My hunch is that the gradient is not returned because the gradient is only computed in the M-step and not preserved outside of mxComputeEM.

To get the gradient, take a look at inst/models/nightly/ifa-meat-2d.R

> “meat” = empirical cross-product (observed?)

I am confused about the distinction between observed and expected information. But yeah, "meat" is the empirical cross-product. Mislevy (1984) is implemented for the latent distribution.

Methods "bread" and "sandwich" are implemented according to Yuan, Cheng, & Patton (2013).

With respect to the EM related methods, "mr" and "tian" require the convergence history while "oakes1999" and "agile" do not.

You have covered all the options.

AdminRobK's picture
Offline
Joined: 01/24/2014 - 12:15
Fisher information

> “meat” = empirical cross-product (observed?)
> “bread” = Fisher information matrix (expected?)
> “sandwich” = same as the name implies (but, expected or observed?)
There are two different ways of defining the Fisher information: (1) the variance of the first derivative of the loglikelihood and (2) the expectation of the second derivative of the loglikelihood. The true Fisher information is generally unknown, because it requires knowledge of the true parameter values and the true functional form (i.e., family) of the distribution. If we assume a particular functional form of the distribution, and "plug-in" our MLEs in place of the true parameter values, we can estimate the true Fisher information from data. If the necessary integrals are analytically tractable, then we can estimate the true Fisher information as the expected information matrix. But, sometimes those integrals are not so easy, so we instead use the observed information as an estimator, and calculate it either as a quadratic function of the first derivative loglikelihood (proportional to the "empirical cross-product" or "meat") or as a first-degree function of the second-derivative loglikelihood (proportional to the Hessian matrix, or "bread"). When the distribution is correctly specified, those two ways of calculating the observed information will on average give the same answer in large samples.

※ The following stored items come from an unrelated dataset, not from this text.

text \<open>The extension step of Levi's theorem: the isolator of the cone generated by \<open>C\<close> and \<open>x\<close>.\<close>
lemma isolated_cone_extend:
  fixes C :: "'g::ab_group_add set"
  assumes "torsion_free TYPE('g)" and "isolated_cone C" and "x \<noteq> 0" and "- x \<notin> C"
  shows "\<exists>D. isolated_cone D \<and> C \<subseteq> D \<and> x \<in> D"
proof -
  have add: "\<forall>a\<in>cone_adjoin C x. \<forall>b\<in>cone_adjoin C x. a + b \<in> cone_adjoin C x"
    using assms(2) cone_adjoin_add unfolding isolated_cone_def by blast
  have "c \<in> cone_adjoin C x" if "c \<in> C" for c
    unfolding cone_adjoin_def using that by (intro CollectI exI[of _ c] exI[of _ 0]) simp
  moreover have "x \<in> cone_adjoin C x"
    unfolding cone_adjoin_def by (intro CollectI exI[of _ 0] exI[of _ 1]) simp
  ultimately have "C \<subseteq> {y. \<exists>m>0. natmul m y \<in> cone_adjoin C x}"
    and "x \<in> {y. \<exists>m>0. natmul m y \<in> cone_adjoin C x}"
    by (auto intro!: exI[of _ 1])
  then show ?thesis
    using isolated_cone_isolator[OF add zero_notin_cone_adjoin[OF assms]] by blast
qed

text \<open>Levi's theorem: a torsion-free abelian group admits a linear order compatible with
  addition, here given by its set of positive elements.\<close>
lemma torsion_free_ex_total_cone:
  assumes "torsion_free TYPE('g::ab_group_add)"
  shows "\<exists>C::'g set. total_cone C"
proof -
  let ?A = "{C::'g set. isolated_cone C}"
  have "\<Union>K \<in> ?A" if "K \<in> chains ?A" for K
  proof -
    have cones: "\<And>C. C \<in> K \<Longrightarrow> isolated_cone C"
      and chain: "\<And>C D. C \<in> K \<Longrightarrow> D \<in> K \<Longrightarrow> C \<subseteq> D \<or> D \<subseteq> C"
      using that by (auto simp: chains_def chain_subset_def)
    show ?thesis
      unfolding isolated_cone_def mem_Collect_eq
    proof (intro conjI allI ballI impI)
      fix a b assume "a \<in> \<Union>K" "b \<in> \<Union>K"
      then obtain C D where "C \<in> K" "D \<in> K" "a \<in> C" "b \<in> D" by auto
      then show "a + b \<in> \<Union>K" using chain[of C D] cones unfolding isolated_cone_def by blast
    next
      show "0 \<notin> \<Union>K" using cones unfolding isolated_cone_def by blast
    next
      fix m a assume "(0::nat) < m" "natmul m a \<in> \<Union>K"
      then show "a \<in> \<Union>K" using cones unfolding isolated_cone_def by blast
    qed
  qed
  then obtain M where M: "M \<in> ?A" and max: "\<forall>D\<in>?A. M \<subseteq> D \<longrightarrow> D = M"
    using Zorn_Lemma[of ?A] by blast
  have "x \<in> M \<or> - x \<in> M" if x: "x \<noteq> 0" for x
  proof (rule ccontr)
    assume x_out: "\<not> (x \<in> M \<or> - x \<in> M)"
    then obtain D where "isolated_cone D" "M \<subseteq> D" "x \<in> D"
      using isolated_cone_extend[OF assms _ x, of M] M by auto
    then show False using max x_out by auto
  qed
  then show ?thesis
    using M unfolding isolated_cone_def total_cone_def by blast
qed

lemma total_cone_uminus:
  fixes C :: "'g::ab_group_add set"
  assumes "total_cone C"
  shows "total_cone (uminus ` C)"
  unfolding total_cone_def
proof (intro conjI allI ballI impI)
  have add: "\<forall>x\<in>C. \<forall>y\<in>C. x + y \<in> C" and "0 \<notin> C"
    and tot: "\<And>x. x \<noteq> 0 \<Longrightarrow> x \<in> C \<or> - x \<in> C"
    using assms by (auto simp: total_cone_def)
  fix x y assume "x \<in> uminus ` C" "y \<in> uminus ` C"
  then obtain a b where "a \<in> C" "b \<in> C" "x = - a" "y = - b" by blast
  then show "x + y \<in> uminus ` C"
    using add by (intro image_eqI[of _ _ "a + b"]) auto
next
  show "0 \<notin> uminus ` C" using assms by (auto simp: total_cone_def)
next
  fix x :: 'g assume "x \<noteq> 0"
  then have "- x \<in> C \<or> x \<in> C" using assms unfolding total_cone_def by blast
  then show "x \<in> uminus ` C \<or> - x \<in> uminus ` C"
    by (metis image_eqI minus_minus)
qed

lemma total_cone_ex_max:
  assumes "total_cone C" and "finite P" and "P \<noteq> {}"
  shows "\<exists>m\<in>P. \<forall>p\<in>P. p \<noteq> m \<longrightarrow> m - p \<in> C"
  using assms(2,3)
proof (induction P rule: finite_ne_induct)
  case (insert a P)
  then obtain m where m: "m \<in> P" "\<forall>p\<in>P. p \<noteq> m \<longrightarrow> m - p \<in> C" by auto
  have add: "\<forall>x\<in>C. \<forall>y\<in>C. x + y \<in> C" and tot: "\<And>x. x \<noteq> 0 \<Longrightarrow> x \<in> C \<or> - x \<in> C"
    using assms(1) by (auto simp: total_cone_def)
  show ?case
  proof (cases "a \<noteq> m \<and> a - m \<in> C")
    case True
    have "a - p \<in> C" if "p \<in> P" "p \<noteq> m" for p
    proof -
      have "(a - m) + (m - p) \<in> C" using add True m that by blast
      then show ?thesis by simp
    qed
    then show ?thesis using True m by auto
  next
    case False
    then have "a \<noteq> m \<longrightarrow> m - a \<in> C" using tot[of "a - m"] by auto
    then show ?thesis using m by auto
  qed
qed simp

definition extreme_point :: "'g::ab_group_add set \<Rightarrow> 'g \<Rightarrow> bool" where
  "extreme_point P m \<longleftrightarrow> m \<in> P \<and> (\<forall>a\<in>P. \<forall>b\<in>P. a + b = m + m \<longrightarrow> a = m)"

lemma total_cone_max_extreme_point:
  assumes "total_cone C" and "m \<in> P" and max: "\<forall>p\<in>P. p \<noteq> m \<longrightarrow> m - p \<in> C"
  shows "extreme_point P m"
  unfolding extreme_point_def
proof (intro conjI ballI impI)
  fix a b assume ab: "a \<in> P" "b \<in> P" "a + b = m + m"
  have add: "\<forall>x\<in>C. \<forall>y\<in>C. x + y \<in> C" and "0 \<notin> C"
    using assms(1) by (auto simp: total_cone_def)
  show "a = m"
  proof (rule ccontr)
    assume "a \<noteq> m"
    then have "b \<noteq> m" using ab by auto
    then have "(m - a) + (m - b) \<in> C" using add max ab \<open>a \<noteq> m\<close> by blast
    then show False using ab \<open>0 \<notin> C\<close> by (simp add: algebra_simps)
  qed
qed (fact \<open>m \<in> P\<close>)

text \<open>The maximum and the minimum of \<open>P\<close> for a compatible linear order are extreme points.\<close>
lemma extreme_points_singleton:
  fixes P :: "'g::ab_group_add set"
  assumes "torsion_free TYPE('g)" and "finite P" and extreme: "\<And>m. extreme_point P m \<Longrightarrow> m = t"
  shows "P \<subseteq> {t}"
proof (cases "P = {}")
  case False
  obtain C :: "'g set" where C: "total_cone C" using torsion_free_ex_total_cone[OF assms(1)] ..
  obtain m1 where m1: "m1 \<in> P" "\<forall>p\<in>P. p \<noteq> m1 \<longrightarrow> m1 - p \<in> C"
    using total_cone_ex_max[OF C assms(2) False] by blast
  obtain m2 where m2: "m2 \<in> P" "\<forall>p\<in>P. p \<noteq> m2 \<longrightarrow> m2 - p \<in> uminus ` C"
    using total_cone_ex_max[OF total_cone_uminus[OF C] assms(2) False] by blast
  have "m1 = t"
    by (rule extreme, rule total_cone_max_extreme_point[OF C m1])
  have "m2 = t"
    by (rule extreme, rule total_cone_max_extreme_point[OF total_cone_uminus[OF C] m2])
  show ?thesis
  proof
    fix p assume "p \<in> P"
    show "p \<in> {t}"
    proof (rule ccontr)
      assume "p \<notin> {t}"
      then have "t - p \<in> C" "t - p \<in> uminus ` C"
        using m1 m2 \<open>m1 = t\<close> \<open>m2 = t\<close> \<open>p \<in> P\<close> by auto
      then obtain c where "c \<in> C" "t - p = - c" by auto
      then have "(t - p) + c \<in> C" using \<open>t - p \<in> C\<close> C unfolding total_cone_def by blast
      then show False using \<open>t - p = - c\<close> C unfolding total_cone_def by simp
    qed
  qed
qed simp

section \<open>Jordan inverses\<close>

definition invertible :: "'a::ring_1 \<Rightarrow> bool" where
  "invertible x \<longleftrightarrow> (\<exists>y. x * y = 1 \<and> y * x = 1)"

lemma invertible_mult: "invertible x \<Longrightarrow> invertible y \<Longrightarrow> invertible (x * y)"
proof -
  assume "invertible x" "invertible y"
  then obtain x' y' where "x * x' = 1" "x' * x = 1" "y * y' = 1" "y' * y = 1"
    by (auto simp: invertible_def)
  then have "(x * y) * (y' * x') = 1" "(y' * x') * (x * y) = 1"
    by (simp_all add: mult.assoc[symmetric]) (simp_all add: mult.assoc)
  then show ?thesis by (auto simp: invertible_def)
qed

lemma invertible_nonzero: "invertible x \<Longrightarrow> x \<noteq> 0"
  by (auto simp: invertible_def)

lemma invertible_mult_left_eq_0:
  assumes "invertible x" and "x * z = 0"
  shows "z = 0"
proof -
  obtain y where "y * x = 1" using assms(1) by (auto simp: invertible_def)
  then have "z = y * (x * z)" by (simp add: mult.assoc[symmetric])
  then show ?thesis using assms(2) by simp
qed

lemma invertible_mult_right_eq_0:
  assumes "invertible x" and "z * x = 0"
  shows "z = 0"
proof -
  obtain y where "x * y = 1" using assms(1) by (auto simp: invertible_def)
  then have "z = (z * x) * y" by (simp add: mult.assoc)
  then show ?thesis using assms(2) by simp
qed

lemma double_cancel:
  fixes h u v :: "'a::ring_1"
  assumes "h + h = 1" and "u + u = v + v"
  shows "u = v"
proof -
  have "w = h * (w + w)" for w :: 'a
  proof -
    have "w = (h + h) * w" using assms(1) by simp
    then show ?thesis by (simp only: distrib_left distrib_right)
  qed
  then show ?thesis using assms(2) by metis
qed

lemma idempotents_sum_two:
  fixes h e f :: "'a::ring_1"
  assumes "h + h = 1" and "e * e = e" and "f * f = f" and "e + f = 1 + 1"
  shows "e = 1" and "f = 1"
proof -
  have "e * e + e * f = e + e" "e * e + f * e = e + e" "f * e + f * f = f + f"
    using arg_cong[OF assms(4), of "(*) e"] arg_cong[OF assms(4), of "\<lambda>x. x * e"]
      arg_cong[OF assms(4), of "(*) f"]
    by (simp_all add: distrib_left distrib_right del: one_add_one)
  then have "e = f" using assms(2,3) by simp
  then have "e + e = 1 + 1" using assms(4) by simp
  then show "e = 1" by (rule double_cancel[OF assms(1)])
  then show "f = 1" using \<open>e = f\<close> by simp
qed

text \<open>The Jordan inverse \<open>y\<close> of \<open>x\<close> (\<open>x \<circ> y = 1\<close>, \<open>x\<^sup>2 \<circ> y = x\<close>) is an associative inverse:
  the two equations give \<open>x y x = x\<close>, so \<open>x y\<close> and \<open>y x\<close> are idempotents summing to \<open>2\<close>.\<close>
lemma jordan_inverse_imp_inverse:
  fixes h x y :: "'a::ring_1"
  assumes half: "h + h = 1"
    and "x * y + y * x = 1 + 1" and "x * x * y + y * (x * x) = x + x"
  shows "x * y = 1" and "y * x = 1"
proof -
  have "x * x * y + x * y * x = x + x" "x * y * x + y * x * x = x + x"
    using arg_cong[OF assms(2), of "(*) x"] arg_cong[OF assms(2), of "\<lambda>z. z * x"]
    by (simp_all add: distrib_left distrib_right mult.assoc del: one_add_one)
  then have "(x * y * x + x * y * x) + (x * x * y + y * (x * x)) = (x + x) + (x + x)"
    by (simp add: algebra_simps)
  then have "x * y * x + x * y * x = x + x"
    using assms(3) by simp
  then have "x * y * x = x"
    by (rule double_cancel[OF half])
  then have "(x * y) * (x * y) = x * y" "(y * x) * (y * x) = y * x"
    by (simp_all add: mult.assoc[symmetric]) (simp add: mult.assoc)
  then show "x * y = 1" "y * x = 1"
    using idempotents_sum_two[OF half _ _ assms(2)] by auto
qed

The "sandwich" is solve(bread)%*%meat%*%solve(bread), and so if the distribution is correctly specified, then asymptotically, the product of the first two factors tends toward an identity matrix, and the sandwich merely tends toward the inverted Hessian. But if the distribution is incorrectly specified, it can be shown that the sandwich nonetheless provides a consistent estimator of the repeated-sampling covariance matrix of the MLEs.

falkcarl's picture
Offline
Joined: 10/29/2015 - 17:22
Thank you! Do I understand

Thank you! Do I understand correctly then that all of these approaches (meat, bread, sandwich) are implemented in OpenMx using observed information? The cross-product approach is usually based on observed proportions of the response patterns. What I think is often referred to as Fisher information in the IFA literature is the plug-in method you refer to, where the expected information matrix is calculated, though it isn't really practical for long tests since one must loop over the model-implied proportions of all possible response patterns. I initially thought this was "bread" but it doesn't sound like it now.

jpritikin's picture
Offline
Joined: 05/24/2012 - 00:35
Re: loop over the model-implied proportions of all possible resp

The Fisher information method where you need to loop over all possible response patterns is not implemented.